What number of lines in the entries hold the string "exists"? Answer with it alone.

Supplied material:
↓

lemma qmul_qone [simp]: "qmul a b qone x = x" "qmul a b x qone = x"
  by (cases x; simp add: qone_def qrat_def)+

lemma qmul_qzero [simp]: "qmul a b qzero x = qzero" "qmul a b x qzero = qzero"
  by (cases x; simp add: qzero_def qrat_def)+

lemma qrat_inject [simp]: "qrat c = qrat d \<longleftrightarrow> c = d"
  by (simp add: qrat_def)

lemma qone_neq_qzero [simp]: "qone \<noteq> qzero" "qzero \<noteq> qone"
  by (simp_all add: qone_def qzero_def)

lemma mid_eq: "mid = M2 qone qzero qzero qone"
  by (simp add: mid_def mscal_def qone_def)

lemma mmul_assoc: "mmul a b (mmul a b A B) C = mmul a b A (mmul a b B C)"
  by (cases A; cases B; cases C) (simp add: qmul_qadd_left qmul_qadd_right qmul_assoc qadd_ac)

lemma mmul_mid [simp]: "mmul a b mid A = A" "mmul a b A mid = A"
  by (cases A; simp add: mid_eq)+

lemma vecmat_mmul: "vecmat a b (vecmat a b v A) B = vecmat a b v (mmul a b A B)"
  by (cases v; cases A; cases B) (simp add: qmul_qadd_left qmul_qadd_right qmul_assoc qadd_ac)

lemma vecmat_mid [simp]: "vecmat a b v mid = v"
  by (cases v) (simp add: mid_eq)

lemma vecmat_zero [simp]: "vecmat a b (qzero, qzero) A = (qzero, qzero)"
  by (cases A) simp

lemma m2_eqI_rows:
  assumes "vecmat a b (qone, qzero) A = vecmat a b (qone, qzero) B"
    and "vecmat a b (qzero, qone) A = vecmat a b (qzero, qone) B"
  shows "A = B"
  using assms by (cases A; cases B) simp

lemma qconj_qadd: "qconj (qadd x y) = qadd (qconj x) (qconj y)"
  by (cases x; cases y) simp

lemma qconj_qmul: "qconj (qmul a b x y) = qmul a b (qconj y) (qconj x)"
  by (cases x; cases y) (simp add: Let_def algebra_simps)

lemma qconj_qconj [simp]: "qconj (qconj x) = x"
  by (cases x) simp

definition nrd :: "int \<Rightarrow> int \<Rightarrow> quat \<Rightarrow> rat" where
  "nrd a b x = (case x of Quat x0 x1 x2 x3 \<Rightarrow>
     x0^2 - of_int a * x1^2 - of_int b * x2^2 + of_int a * of_int b * x3^2)"

fun hnorm :: "int \<Rightarrow> int \<Rightarrow> quat \<times> quat \<Rightarrow> rat" where
  "hnorm a b (x, y) = nrd a b x + nrd a b y"

fun herm :: "int \<Rightarrow> int \<Rightarrow> quat \<times> quat \<Rightarrow> quat \<times> quat \<Rightarrow> quat" where
  "herm a b (x, y) (x', y') = qadd (qmul a b x (qconj x')) (qmul a b y (qconj y'))"

lemma herm_self: "herm a b v v = qrat (hnorm a b v)"
  by (cases v; rename_tac x y; case_tac x; case_tac y)
     (simp add: nrd_def qrat_def Let_def algebra_simps power2_eq_square)

lemma herm_vecmat: "herm a b (vecmat a b v A) w = herm a b v (vecmat a b w (mstar A))"
  by (cases v; cases w; cases A)
     (simp add: qconj_qadd qconj_qmul qmul_qadd_left qmul_qadd_right qmul_assoc qadd_ac)

lemma herm_vecmat_mscal: "herm a b v (vecmat a b v (mscal c)) = qrat (c * hnorm a b v)"
  by (cases v; rename_tac x y; case_tac x; case_tac y)
     (simp add: mscal_def nrd_def qrat_def qzero_def Let_def algebra_simps power2_eq_square)

lemma hnorm_vecmat_similitude:
  assumes "mmul a b A (mstar A) = mscal c"
  shows "hnorm a b (vecmat a b v A) = c * hnorm a b v"
proof -
  have "qrat (hnorm a b (vecmat a b v A)) = herm a b v (vecmat a b (vecmat a b v A) (mstar A))"
    by (simp add: herm_self [symmetric] herm_vecmat)
  also have "\<dots> = qrat (c * hnorm a b v)"
    by (simp add: vecmat_mmul assms herm_vecmat_mscal)
  finally show ?thesis by simp
qed

lemma ex_less_power:
  fixes x y :: "'a :: archimedean_field"
  assumes "1 < x"
  shows "\<exists>n. y < x ^ n"
proof -
  obtain n where "y < of_nat n * (x - 1)"
    using ex_less_of_nat_mult [of "x - 1" y] assms by auto
  also have "\<dots> \<le> x ^ n"
    using Bernoulli_inequality [of "x - 1" n] assms by simp
  finally show ?thesis ..
qed

lemma scaling_factor_ge_1:
  fixes Q :: "'v \<Rightarrow> 'a :: archimedean_field"
  assumes maps: "f ` L \<subseteq> L" and scales: "\<And>v. v \<in> L \<Longrightarrow> Q (f v) = \<mu> * Q v"
    and discrete: "\<And>v. v \<in> L \<Longrightarrow> 0 < Q v \<Longrightarrow> c \<le> Q v" and "0 < c"
    and "v0 \<in> L" "0 < Q v0" "0 < \<mu>"
  shows "1 \<le> \<mu>"
proof (rule ccontr)
  assume "\<not> 1 \<le> \<mu>"
  then obtain n where n: "Q v0 / c < (1 / \<mu>) ^ n"
    using ex_less_power [of "1 / \<mu>"] \<open>0 < \<mu>\<close> by auto
  have iter: "(f ^^ n) v0 \<in> L \<and> Q ((f ^^ n) v0) = \<mu> ^ n * Q v0" for n
    by (induction n) (use \<open>v0 \<in> L\<close> maps scales in auto)
  then have "c \<le> \<mu> ^ n * Q v0"
    using discrete \<open>0 < Q v0\<close> \<open>0 < \<mu>\<close> by force
  then show False
    using n \<open>0 < c\<close> \<open>0 < \<mu>\<close> by (simp add: field_simps power_one_over)
qed

lemma scaling_factor_eq_1:
  fixes Q :: "'v \<Rightarrow> 'a :: archimedean_field"
  assumes bij: "f ` L = L" and scales: "\<And>v. v \<in> L \<Longrightarrow> Q (f v) = \<mu> * Q v"
    and nonneg: "\<And>v. v \<in> L \<Longrightarrow> 0 \<le> Q v"
    and discrete: "\<And>v. v \<in> L \<Longrightarrow> 0 < Q v \<Longrightarrow> c \<le> Q v" and "0 < c"
    and "v0 \<in> L" "0 < Q v0" "\<mu> \<noteq> 0"
  shows "\<mu> = 1"
proof -
  have "0 \<le> \<mu> * Q v0"
    using nonneg scales bij \<open>v0 \<in> L\<close> by (metis image_eqI)
  with \<open>0 < Q v0\<close> \<open>\<mu> \<noteq> 0\<close> have "0 < \<mu>"
    by (simp add: zero_le_mult_iff)
  define g where "g = inv_into L f"
  have "g ` L \<subseteq> L" and "\<And>v. v \<in> L \<Longrightarrow> f (g v) = v"
    unfolding g_def using bij by (auto simp: inv_into_into f_inv_into_f)
  then have "Q (g v) = (1 / \<mu>) * Q v" if "v \<in> L" for v
    using scales [of "g v"] that \<open>0 < \<mu>\<close> by auto
  then have "1 \<le> 1 / \<mu>"
    using scaling_factor_ge_1 [of g L Q "1 / \<mu>" c v0] \<open>g ` L \<subseteq> L\<close> assms(4-7) \<open>0 < \<mu>\<close>
    by auto
  moreover have "1 \<le> \<mu>"
    using scaling_factor_ge_1 [of f L Q \<mu> c v0] bij scales assms(4-7) \<open>0 < \<mu>\<close> by auto
  ultimately show ?thesis
    using \<open>0 < \<mu>\<close> by (simp add: field_simps)
qed

lemma ram_inf_imp_neg:
  assumes "ram_inf a b"
  shows "a < 0" "b < 0"
proof -
  have "(x0, x1, x2, x3) = (0, 0, 0, 0)"
    if "x0^2 - of_int a * x1^2 - of_int b * x2^2 + of_int a * of_int b * x3^2 = (0 :: real)"
    for x0 x1 x2 x3
    using assms that unfolding ram_inf_def by blast
  from this [of "sqrt (of_int a)" 1 0 0] this [of "sqrt (of_int b)" 0 1 0]
  show "a < 0" "b < 0"
    by (fastforce simp: not_less [symmetric])+
qed

lemma nrd_pos:
  assumes "a < 0" "b < 0" "x \<noteq> qzero"
  shows "0 < nrd a b x"
proof (cases x)
  case (Quat x0 x1 x2 x3)
  define A B where "A = rat_of_int (- a)" and "B = rat_of_int (- b)"
  have "0 < A" "0 < B"
    using assms(1,2) by (simp_all add: A_def B_def)
  have nrd: "nrd a b x = x0^2 + A * x1^2 + B * x2^2 + (A * B) * x3^2"
    by (simp add: nrd_def Quat A_def B_def)
  have "x0 \<noteq> 0 \<or> x1 \<noteq> 0 \<or> x2 \<noteq> 0 \<or> x3 \<noteq> 0"
    using assms(3) by (auto simp: Quat qzero_def qrat_def)
  then have "0 < x0^2 \<or> 0 < A * x1^2 \<or> 0 < B * x2^2 \<or> 0 < (A * B) * x3^2"
    using \<open>0 < A\<close> \<open>0 < B\<close> by auto
  moreover have "0 \<le> x0^2" "0 \<le> A * x1^2" "0 \<le> B * x2^2" "0 \<le> (A * B) * x3^2"
    using \<open>0 < A\<close> \<open>0 < B\<close> by simp_all
  ultimately show ?thesis
    unfolding nrd by linarith
qed

lemma nrd_nonneg: "a < 0 \<Longrightarrow> b < 0 \<Longrightarrow> 0 \<le> nrd a b x"
  using nrd_pos [of a b x] by (cases "x = qzero") (auto simp: nrd_def qzero_def qrat_def)

lemma hnorm_nonneg: "a < 0 \<Longrightarrow> b < 0 \<Longrightarrow> 0 \<le> hnorm a b v"
  by (cases v) (simp add: nrd_nonneg)

lemma hnorm_pos: "a < 0 \<Longrightarrow> b < 0 \<Longrightarrow> v \<noteq> (qzero, qzero) \<Longrightarrow> 0 < hnorm a b v"
  by (cases v) (auto intro: add_pos_nonneg add_nonneg_pos nrd_pos nrd_nonneg)

fun quat_coords :: "quat \<Rightarrow> rat set" where
  "quat_coords (Quat x0 x1 x2 x3) = {x0, x1, x2, x3}"

definition quat_integral :: "quat \<Rightarrow> bool" where
  "quat_integral x \<longleftrightarrow> quat_coords x \<subseteq> \<int>"

lemma quat_integral_qadd: "quat_integral x \<Longrightarrow> quat_integral y \<Longrightarrow> quat_integral (qadd x y)"
  by (cases x; cases y) (auto simp: quat_integral_def)

lemma quat_integral_qmul: "quat_integral x \<Longrightarrow> quat_integral y \<Longrightarrow> quat_integral (qmul a b x y)"
  by (cases x; cases y) (auto simp: quat_integral_def Let_def)

lemma quat_integral_qsmul: "quat_integral x \<Longrightarrow> quat_integral (qsmul (of_int n) x)"
  by (cases x) (auto simp: quat_integral_def)

lemma nrd_integral: "quat_integral x \<Longrightarrow> nrd a b x \<in> \<int>"
  by (cases x) (auto simp: quat_integral_def nrd_def)

lemma qsmul_qadd: "qsmul c (qadd x y) = qadd (qsmul c x) (qsmul c y)"
  by (cases x; cases y) (simp add: algebra_simps)

lemma qsmul_qsmul: "qsmul c (qsmul d x) = qsmul (c * d) x"
  by (cases x) simp

lemma qsmul_qmul: "qsmul (c * d) (qmul a b x y) = qmul a b (qsmul c x) (qsmul d y)"
  by (cases x; cases y) (simp add: Let_def algebra_simps)

lemma nrd_qsmul: "nrd a b (qsmul c x) = c^2 * nrd a b x"
  by (cases x) (simp add: nrd_def algebra_simps power2_eq_square)

lemma rat_common_denominator:
  fixes R :: "rat set"
  shows "finite R \<Longrightarrow> \<exists>d :: int. 0 < d \<and> (\<forall>r\<in>R. of_int d * r \<in> \<int>)"
proof (induction R rule: finite_induct)
  case empty
  show ?case by (intro exI [of _ 1]) simp
next
  case (insert r R)
  then obtain d where "0 < d" and d: "\<forall>s\<in>R. of_int d * s \<in> \<int>"
    by blast
  obtain n e where ne: "quotient_of r = (n, e)"
    by (cases "quotient_of r")
  then have "0 < e"
    by (rule quotient_of_denom_pos)
  then have "of_int e * r = of_int n"
    using quotient_of_div [OF ne] by simp
  have "of_int (d * e) * s \<in> \<int>" if "s \<in> insert r R" for s
  proof (cases "s = r")
    case True
    then show ?thesis
      using \<open>of_int e * r = of_int n\<close> by (simp add: mult.assoc)
  next
    case False
    then have "of_int e * (of_int d * s) \<in> \<int>"
      using d that by auto
    then show ?thesis
      by (simp add: mult_ac)
  qed
  then show ?case
    using \<open>0 < d\<close> \<open>0 < e\<close> by (intro exI [of _ "d * e"]) simp
qed

lemma quat_coords_qsmul: "quat_coords (qsmul c x) = (\<lambda>r. c * r) ` quat_coords x"
  by (cases x) simp

lemma finite_quat_coords: "finite (quat_coords x)"
  by (cases x) simp

lemma quat_common_denominator:
  assumes "finite S"
  shows "\<exists>d :: int. 0 < d \<and> (\<forall>x\<in>S. quat_integral (qsmul (of_int d) x))"
proof -
  obtain d :: int where "0 < d" and "\<forall>r\<in>\<Union> (quat_coords ` S). of_int d * r \<in> \<int>"
    using rat_common_denominator [of "\<Union> (quat_coords ` S)"] assms finite_quat_coords by blast
  then show ?thesis
    by (auto simp: quat_integral_def quat_coords_qsmul)
qed

lemma qlin4_add: "qadd (qlin4 c e) (qlin4 d e) = qlin4 (\<lambda>i. c i + d i) e"
proof -
  have smul_add: "qadd (qsmul c x) (qsmul d x) = qsmul (c + d) x" for c d x
    by (cases x) (simp add: algebra_simps)
  show ?thesis
    unfolding qlin4_def by (simp add: qadd_ac flip: smul_add)
qed

lemma qlin4_zero: "qlin4 (\<lambda>i. 0) e = qzero"
proof -
  have "qsmul 0 x = qzero" for x
    by (cases x) (simp add: qzero_def qrat_def)
  then show ?thesis
    unfolding qlin4_def by simp
qed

↑

Output of the exercise: 3